I am a believer in the calming, peaceful effects of getting outdoors! I recently wrote about this in A Powerful Therapy That EVERYONE Can Take Advantage Of.

It is a fact: getting out in a nature has strong positive effects on mood, stress levels, depression, cognitive abilities, recovery times after surgeries, etc. It appears to be linked to childhood obesity (the more time a child spends outdoors, the less likely he is to be obese), social integration (the more time a child spends outside, the more friends he has), as well as a converse link between spending time outdoors and all kinds of other issues, such as ADHD, Type 2 diabetes, and high blood pressure, to name a few.

But there’s a spiritual component that I don’t read about in these kinds of articles—or at least not the same kind of spiritual component that I find extremely valuable (speaking of… it’s amazing the kinds of things that get labeled “spiritual” these days). The Bible talks plainly about the  connection between Spirit and nature: “The heavens declare the glory of God; the skies proclaim the work of his hands” (Psalm 19:1, NIV).

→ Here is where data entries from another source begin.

(* Let $1\le m<n$, $\boldsymbol\xi=(\xi_1,\dots,\xi_{n-1})\in\mathbb Z_{\ge0}^{n-1}$ and $x,\Lambda_1,\dots,\Lambda_n\in\mathbb C$. (i) For any partition $\boldsymbol I=(I_{m+1},\dots,I_n)$ of $\{1,\dots,\xi_m\}$ with $\eta_s:=\eta_s(\boldsymbol I)\le\xi_s$ for $s=m+1,\dots,n-1$, and $\boldsymbol\eta=(\eta_{m+1},\dots,\eta_{n-1})$, $$\mathrm{Sym}_{\ddot{\boldsymbol t}}\Big[U_{\boldsymbol I}\big(\ddot{\boldsymbol t}_{[\boldsymbol\eta]};\boldsymbol t^m\big)L_{\boldsymbol\eta,\ddot{\boldsymbol\xi}}(\ddot{\boldsymbol t})\Big]=\prod_{s=m+1}^{n-1}\frac{1}{\eta_s!}\ \mathrm{Sym}_{\ddot{\boldsymbol t}}\Big[W_{\boldsymbol I}\big(\ddot{\boldsymbol t}_{[\boldsymbol\eta]};\boldsymbol t^m\big)L_{\boldsymbol\eta,\ddot{\boldsymbol\xi}}(\ddot{\boldsymbol t})\Big].$$ (ii) For any partition $\boldsymbol J=(J_1,\dots,J_m)$ of $\{1,\dots,\xi_m\}$ with $\zeta_s:=\zeta_s(\boldsymbol J)\le\xi_s$ for $s=1,\dots,m-1$, and $\boldsymbol\zeta=(\zeta_1,\dots,\zeta_{m-1})$, $$\mathrm{Sym}_{\dot{\boldsymbol t}}\Big[\widetilde U_{\boldsymbol J}\big(\dot{\boldsymbol t}_{(\dot{\boldsymbol\xi}-\boldsymbol\zeta,\dot{\boldsymbol\xi}]};\check{\boldsymbol t}^m\big)\widetilde L_{\boldsymbol\zeta,\dot{\boldsymbol\xi}}(\dot{\boldsymbol t})\Big]=\prod_{s=1}^{m-1}\frac{1}{\zeta_s!}\ \mathrm{Sym}_{\dot{\boldsymbol t}}\Big[\widetilde W_{\boldsymbol J}\big(\dot{\boldsymbol t}_{(\dot{\boldsymbol\xi}-\boldsymbol\zeta,\dot{\boldsymbol\xi}]};\check{\boldsymbol t}^m\big)\widetilde L_{\boldsymbol\zeta,\dot{\boldsymbol\xi}}(\dot{\boldsymbol t})\Big],$$ where $\check{\boldsymbol t}^m=(t^m_{\xi_m},\dots,t^m_1)$.
   Context: Notation. $E_{ab}$ denotes a matrix unit; entries of an operator $X$ on $(\mathbb{C}^k)^{\otimes r}$ are written $X^{a_1\dots a_r}_{b_1\dots b_r}$ (upper = row, lower = column). $A^{(i)}$ is $A$ acting in the $i$-th tensor factor; $(A\otimes B)^{(ij)}=A^{(i)}B^{(j)}$. $\prod^{\rightarrow}_{1\le i\le k}X_i=X_1\cdots X_k$, $\prod^{\leftarrow}_{1\le i\le k}X_i=X_k\cdots X_1$. $R^{\langle k\rangle}(u)=1+u^{-1}\sum_{a,b=1}^kE_{ab}\otimes E_{ba}$. $\mathrm{Sym}_{y_1,\dots,y_k}f=\sum_{\sigma\in S_k}f(y_{\sigma(1)},\dots,y_{\sigma(k)})$. Yangian. $Y(\mathfrak{gl}_k)$ is generated by $(T^a_b)^{\{s\}}$, $a,b\le k$, $s\ge1$, with $T^a_b(u)=\delta_{ab}+\sum_{s\ge1}(T^a_b)^{\{s\}}u^{-s}$ and relations $(u-v)[T^a_b(u),T^c_d(v)]=T^a_d(u)T^c_b(v)-T^a_d(v)T^c_b(u)$; $T(u)=\sum E_{ab}\otimes T^a_b(u)$. Embeddings $\phi_m:Y(\mathfrak{gl}_m)\to Y(\mathfrak{gl}_n)$, $T^a_b(u)\mapsto T^a_b(u)$, and $\psi_{n-m}:Y(\mathfrak{gl}_{n-m})\to Y(\mathfrak{gl}_n)$, $T^a_b(u)\mapsto T^{a+m}_{b+m}(u)$. Bethe vectors. For $k\ge2$, $\boldsymbol\xi=(\xi_1,\dots,\xi_{k-1})\in\mathbb Z_{\ge0}^{k-1}$, $\xi^a=\xi_1+\dots+\xi_a$ ($\xi^0=0$), variables $\boldsymbol t^a=(t^a_1,\dots,t^a_{\xi_a})$, in $\mathrm{End}((\mathbb C^k)^{\otimes\xi^{k-1}})\otimes Y(\mathfrak{gl}_k)$ set $\mathbb T^{[j]}(\boldsymbol t^j)=\prod^{\rightarrow}_{1\le i\le\xi_j}T^{(\xi^{j-1}+i)}(t^j_i)$, $\mathbb R^{[i,j]}(\boldsymbol t^i,\boldsymbol t^j)=\prod^{\rightarrow}_{1\le p\le\xi_i}\prod^{\leftarrow}_{1\le l\le\xi_j}R^{(\xi^{i-1}+p,\,\xi^{j-1}+l)}(t^i_p-t^j_l)$, $\widehat{\mathbb T}_{\boldsymbol\xi}(\boldsymbol t)=\mathbb T^{[1]}\cdots\mathbb T^{[k-1]}\prod^{\leftarrow}_{1\le i\le k-1}\prod^{\leftarrow}_{1\le j<i}\mathbb R^{[i,j]}(\boldsymbol t^i,\boldsymbol t^j)$; $\mathbb B^{\langle k\rangle}_{\boldsymbol\xi}(\boldsymbol t)$ is its entry with upper indices ($a$ repeated $\xi_a$ times, $a=1,\dots,k-1$) and lower indices ($a+1$ repeated $\xi_a$ times); $\mathbb B^{\langle1\rangle}=1$. $\dot{\boldsymbol\xi}=(\xi_1,\dots,\xi_{m-1})$, $\ddot{\boldsymbol\xi}=(\xi_{m+1},\dots,\xi_{n-1})$, $\dot{\boldsymbol t}=(\boldsymbol t^1,\dots,\boldsymbol t^{m-1})$, $\ddot{\boldsymbol t}=(\boldsymbol t^{m+1},\dots,\boldsymbol t^{n-1})$, $\boldsymbol t^m=(t^m_1,\dots,t^m_{\xi_m})$; $\mathrm{Sym}_{\dot{\boldsymbol t}}$ ($\mathrm{Sym}_{\ddot{\boldsymbol t}}$) is the composition of $\mathrm{Sym}_{\boldsymbol t^a}$ over $a=1,\dots,m-1$ (over $a=m+1,\dots,n-1$). Weight functions. For a partition $\boldsymbol I=(I_{m+1},\dots,I_n)$ of $\{1,\dots,M\}$, $\eta_l(\boldsymbol I)=|\bigcup_{k=l+1}^nI_k|$ and $i^{(l)}_1<\dots<i^{(l)}_{\eta_l(\boldsymbol I)}$ are the elements of $\bigcup_{k=l+1}^nI_k$ ($l=m,\dots,n-1$); for variables $\boldsymbol v^l=(v^l_1,\dots,v^l_{\eta_l(\boldsymbol I)})$, $U_{\boldsymbol I}(\boldsymbol v^{m+1},\dots,\boldsymbol v^{n-1};\boldsymbol v^m)=\prod_{l=m+1}^{n-1}\prod_{a=1}^{\eta_l}\Big(\prod_{c:\,i^{(l-1)}_c=i^{(l)}_a}\frac{1}{v^l_a-v^{l-1}_c}\prod_{d:\,i^{(l-1)}_d>i^{(l)}_a}\frac{v^l_a-v^{l-1}_d+1}{v^l_a-v^{l-1}_d}\prod_{b=a+1}^{\eta_l}\frac{v^l_b-v^l_a+1}{v^l_b-v^l_a}\Big)$, and $W_{\boldsymbol I}=\mathrm{Sym}_{\boldsymbol v^{m+1}}\cdots\mathrm{Sym}_{\boldsymbol v^{n-1}}U_{\boldsymbol I}$. For a partition $\boldsymbol J=(J_1,\dots,J_m)$ of $\{1,\dots,M\}$, $\zeta_l(\boldsymbol J)=|\bigcup_{k=1}^lJ_k|$ and $j^{(l)}_1<\dots<j^{(l)}_{\zeta_l(\boldsymbol J)}$ are the elements of $\bigcup_{k=1}^lJ_k$ ($l=1,\dots,m$); for $\boldsymbol u^l=(u^l_1,\dots,u^l_{\zeta_l(\boldsymbol J)})$, $\widetilde U_{\boldsymbol J}(\boldsymbol u^1,\dots,\boldsymbol u^{m-1};\boldsymbol u^m)=\prod_{l=2}^{m}\prod_{a=1}^{\zeta_l}\Big(\prod_{c:\,j^{(l-1)}_c<j^{(l)}_a}\frac{u^l_a-u^{l-1}_c+1}{u^l_a-u^{l-1}_c}\prod_{d:\,j^{(l-1)}_d=j^{(l)}_a}\frac{1}{u^l_a-u^{l-1}_d}\prod_{b=a+1}^{\zeta_l}\frac{u^l_a-u^l_b+1}{u^l_a-u^l_b}\Big)$, and $\widetilde W_{\boldsymbol J}=\mathrm{Sym}_{\boldsymbol u^1}\cdots\mathrm{Sym}_{\boldsymbol u^{m-1}}\widetilde U_{\boldsymbol J}$. Arguments: $(\ddot{\boldsymbol t}_{[\boldsymbol\eta]};\boldsymbol t^m)$ means $\boldsymbol v^l=(t^l_1,\dots,t^l_{\eta_l})$ ($l>m$), $\boldsymbol v^m=\boldsymbol t^m$; $(\dot{\boldsymbol t}_{(\dot{\boldsymbol\xi}-\boldsymbol\zeta,\dot{\boldsymbol\xi}]};\check{\boldsymbol t}^m)$ means $\boldsymbol u^l=(t^l_{\xi_l-\zeta_l+1},\dots,t^l_{\xi_l})$ ($l<m$), $\boldsymbol u^m=\check{\boldsymbol t}^m$. Functions $L,\widetilde L$ ($Y(\mathfrak{gl}_n)$-valued). With $\ddot{\boldsymbol t}_{(\boldsymbol\eta,\ddot{\boldsymbol\xi}]}$ the groups $(t^b_{\eta_b+1},\dots,t^b_{\xi_b})$, $b=m+1,\dots,n-1$, and $\dot{\boldsymbol t}_{[\dot{\boldsymbol\xi}-\boldsymbol\zeta]}$ the groups $(t^a_1,\dots,t^a_{\xi_a-\zeta_a})$, $a=1,\dots,m-1$: $L_{\boldsymbol\eta,\ddot{\boldsymbol\xi}}(\ddot{\boldsymbol t})=\prod_{a=m+1}^{n-2}\prod_{i=1}^{\eta_{a+1}}\prod_{j=\eta_a+1}^{\xi_a}\frac{t^{a+1}_i-t^a_j+1}{t^{a+1}_i-t^a_j}\prod_{l=m+1}^{n-1}\prod_{i=1}^{\eta_l}\frac{t^l_i-x+\Lambda_l}{t^l_i-x}\ \psi_{n-m}\big(\mathbb B^{\langle n-m\rangle}_{\ddot{\boldsymbol\xi}-\boldsymbol\eta}(\ddot{\boldsymbol t}_{(\boldsymbol\eta,\ddot{\boldsymbol\xi}]})\big)$, $\widetilde L_{\boldsymbol\zeta,\dot{\boldsymbol\xi}}(\dot{\boldsymbol t})=\prod_{a=1}^{m-2}\prod_{i=1}^{\xi_{a+1}-\zeta_{a+1}}\prod_{j=\xi_a-\zeta_a+1}^{\xi_a}\frac{t^{a+1}_i-t^a_j+1}{t^{a+1}_i-t^a_j}\prod_{l=1}^{m-1}\prod_{i=0}^{\zeta_l-1}\frac{t^l_{\xi_l-i}-x+\Lambda_{l+1}}{t^l_{\xi_l-i}-x}\ \phi_m\big(\mathbb B^{\langle m\rangle}_{\dot{\boldsymbol\xi}-\boldsymbol\zeta}(\dot{\boldsymbol t}_{[\dot{\boldsymbol\xi}-\boldsymbol\zeta]})\big)$. *)

theory Defs
  imports Complex_Main "HOL-Combinatorics.Permutations"
begin

section \<open>Scalars: a unital associative C-algebra, presented by a central embedding of C\<close>

definition alg_emb :: "(complex \<Rightarrow> 'a::ring_1) \<Rightarrow> bool" where
  "alg_emb emb \<longleftrightarrow> (\<forall>x y. emb (x + y) = emb x + emb y) \<and> (\<forall>x y. emb (x * y) = emb x * emb y)
     \<and> emb 1 = 1 \<and> (\<forall>c z. emb c * z = z * emb c)"

definition yangian_rel :: "(complex \<Rightarrow> 'a::ring_1) \<Rightarrow> nat \<Rightarrow> (nat \<Rightarrow> nat \<Rightarrow> complex \<Rightarrow> 'a) \<Rightarrow> bool" where
  "yangian_rel emb k T \<longleftrightarrow> (\<forall>a\<in>{1..k}. \<forall>b\<in>{1..k}. \<forall>c\<in>{1..k}. \<forall>d\<in>{1..k}. \<forall>u v.
      emb (u - v) * (T a b u * T c d v - T c d v * T a b u) = T a d u * T c b v - T a d v * T c b u)"
(* Let $(P_X,P_{Y|X})$ be an input/channel pair and $\Theta_0\sim\mathcal U$. Consider the transmission scheme $X_{n+1}=g_{n+1}(\Theta_0,Y^n)$ with $g_{n+1}(\theta,y^n)=F_X^{-1}\big(F_{\Theta_0|Y^n}(\theta\,|\,y^n)\big)$ for $n\ge0$ (so $X_1=F_X^{-1}(\Theta_0)$), used over the memoryless channel $P_{Y|X}$. Then for every $n\ge 0$: the random variable $U_n\triangleq F_{\Theta_0|Y^n}(\Theta_0|Y^n)$ is uniform on $(0,1)$ and statistically independent of $Y^n$; $\Theta_0$ can be a.s. uniquely recovered from $(U_n,Y^n)$; and consequently $X_{n+1}\sim P_X$ and $X_{n+1}$ is independent of $Y^n$.
   Context: All real r.v.'s are mixtures of absolutely continuous and discrete parts. $F_X$ is the c.d.f. of $X$, $F_X^{-1}(t)=\inf\{x:F_X(x)>t\}$; $\mathcal U$ is the uniform distribution on $(0,1)$. A memoryless channel is a conditional distribution $P_{Y|X}$ on $\mathbb R$; its input alphabet is the set of $x$ for which $P_{Y|X}(\cdot|x)$ is defined. An input/channel pair $(P_X,P_{Y|X})$ is one with $\mathrm{supp}(X)$ contained in the input alphabet and $I(X;Y)<\infty$. Transmission over the channel means $P_{Y_n|X^nY^{n-1}}(\cdot|x^n,y^{n-1})=P_{Y|X}(\cdot|x_n)$. $F_{\Theta_0|Y^n}(\cdot|y^n)$ is the posterior c.d.f. of the message point $\Theta_0$ given the outputs $Y^n=y^n$. *)

theory Defs
  imports "HOL-Probability.Probability"
begin

definition quantile_fn :: "(real \<Rightarrow> real) \<Rightarrow> real \<Rightarrow> real" where
  "quantile_fn F t = Inf {x. F x > t}"

definition measure_support :: "real measure \<Rightarrow> real set" where
  "measure_support \<mu> = {x. \<forall>e>0. emeasure \<mu> (ball x e) > 0}"
(* Let $Y$ be a complex Banach space, let $I'\subseteq I\subseteq\mathbb R^n$ with $I+I'\subseteq I$ and $I'$ unbounded, let $F:I\to Y$ be uniformly continuous and Bohr $I'$-almost periodic (respectively, uniformly continuous and $I'$-uniformly recurrent), let $S\subseteq\mathbb R^n$ be bounded, and assume: (AP-E) for every $\mathbf t'\in\mathbb R^n$ there exists a finite $M>0$ such that $\mathbf t'+I'_M\subseteq I$. Set $\Omega_S:=[(I'\cup(-I'))+(I'\cup(-I'))]\cup S$. Then there exists a uniformly continuous, Bohr $\Omega_S$-almost periodic (respectively, uniformly continuous, $\Omega_S$-uniformly recurrent) function $\tilde F:\mathbb R^n\to Y$ with $\tilde F(\mathbf t)=F(\mathbf t)$ for all $\mathbf t\in I$; moreover, in the almost periodic case, such a function $\tilde F$ is unique provided that $\mathbb R^n\setminus\Omega_S$ is bounded.
   Context: $I'_M:=\{\lambda\in I':|\lambda|\ge M\}$; $B(\mathbf t_0,l)$ is the closed Euclidean ball. For $J'\subseteq J\subseteq\mathbb R^n$ with $J+J'\subseteq J$, a continuous $G:J\to Y$ is Bohr $J'$-almost periodic if for every $\epsilon>0$ there exists $l>0$ such that for each $\mathbf t_0\in J'$ there exists $\tau\in B(\mathbf t_0,l)\cap J'$ with $\|G(\mathbf t+\tau)-G(\mathbf t)\|_Y\le\epsilon$ for all $\mathbf t\in J$; $G$ is $J'$-uniformly recurrent if there is a sequence $(\tau_k)$ in $J'$ with $|\tau_k|\to\infty$ and $\lim_{k\to\infty}\sup_{\mathbf t\in J}\|G(\mathbf t+\tau_k)-G(\mathbf t)\|_Y=0$. (Here these notions are applied with $J=I$, $J'=I'$, and with $J=\mathbb R^n$, $J'=\Omega_S$.) *)

theory Defs
  imports "HOL-Analysis.Analysis"
begin

definition bohr_ap :: "'a::euclidean_space set \<Rightarrow> 'a set \<Rightarrow> ('a \<Rightarrow> 'b::real_normed_vector) \<Rightarrow> bool" where
  "bohr_ap J J' G \<longleftrightarrow> continuous_on J G \<and>
     (\<forall>\<epsilon>>0. \<exists>l>0. \<forall>t0\<in>J'. \<exists>\<tau>\<in>cball t0 l \<inter> J'. \<forall>t\<in>J. norm (G (t + \<tau>) - G t) \<le> \<epsilon>)"

text \<open>J'-uniform recurrence: a sequence tau_k in J' with |tau_k| to infinity and
  sup_{t in J} |G(t+tau_k) - G t| to 0 (written with epsilon, allowing infinite sups early on).\<close>
definition unif_recurrent :: "'a::euclidean_space set \<Rightarrow> 'a set \<Rightarrow> ('a \<Rightarrow> 'b::real_normed_vector) \<Rightarrow> bool" where
  "unif_recurrent J J' G \<longleftrightarrow> continuous_on J G \<and>
     (\<exists>\<tau>::nat \<Rightarrow> 'a. (\<forall>k. \<tau> k \<in> J') \<and> filterlim (\<lambda>k. norm (\<tau> k)) at_top sequentially \<and>
        (\<forall>\<epsilon>>0. eventually (\<lambda>k. \<forall>t\<in>J. norm (G (t + \<tau> k) - G t) \<le> \<epsilon>) sequentially))"

definition trunc_set :: "'a::real_normed_vector set \<Rightarrow> real \<Rightarrow> 'a set" where
  "trunc_set I' M = {x\<in>I'. norm x \<ge> M}"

Getting out into nature just makes me feel more connected to the Creator! And why not? Nature is, after all, his handiwork!

Six Signs that You’ve Developed a Good HabitPick the Brain

It is no secret that I love the subject of building habits. I’ve written about it a time or two myself (such as this post on Building Your Values Into  Habits). Habits can be our best friend (if they’re good habits) or our worst enemies (if they’re bad ones). This article quotes a study that says approximately 45% of our behavior is habitual rather than intentional. I’ve read heftier percentages, too. But the point is, much of our behavior is done without thinking. Things like brushing our teeth, where we put our keys, the route we take to work, etc. are examples of habits/behaviors that we do without giving it second thought.

The beauty of habits is that we can actually choose to build specific ones that will work with us to help us become the person we won’t to be. The author of this article says:

Habits are unfair, superhuman powers. They can make an initially challenging and uncomfortable behavior turn into an automated, enjoyable process. That’s magic.

I love—and agree—with that summation. Are you up for a little super-humanness? What habits would you like to build into your life that would make you a better person?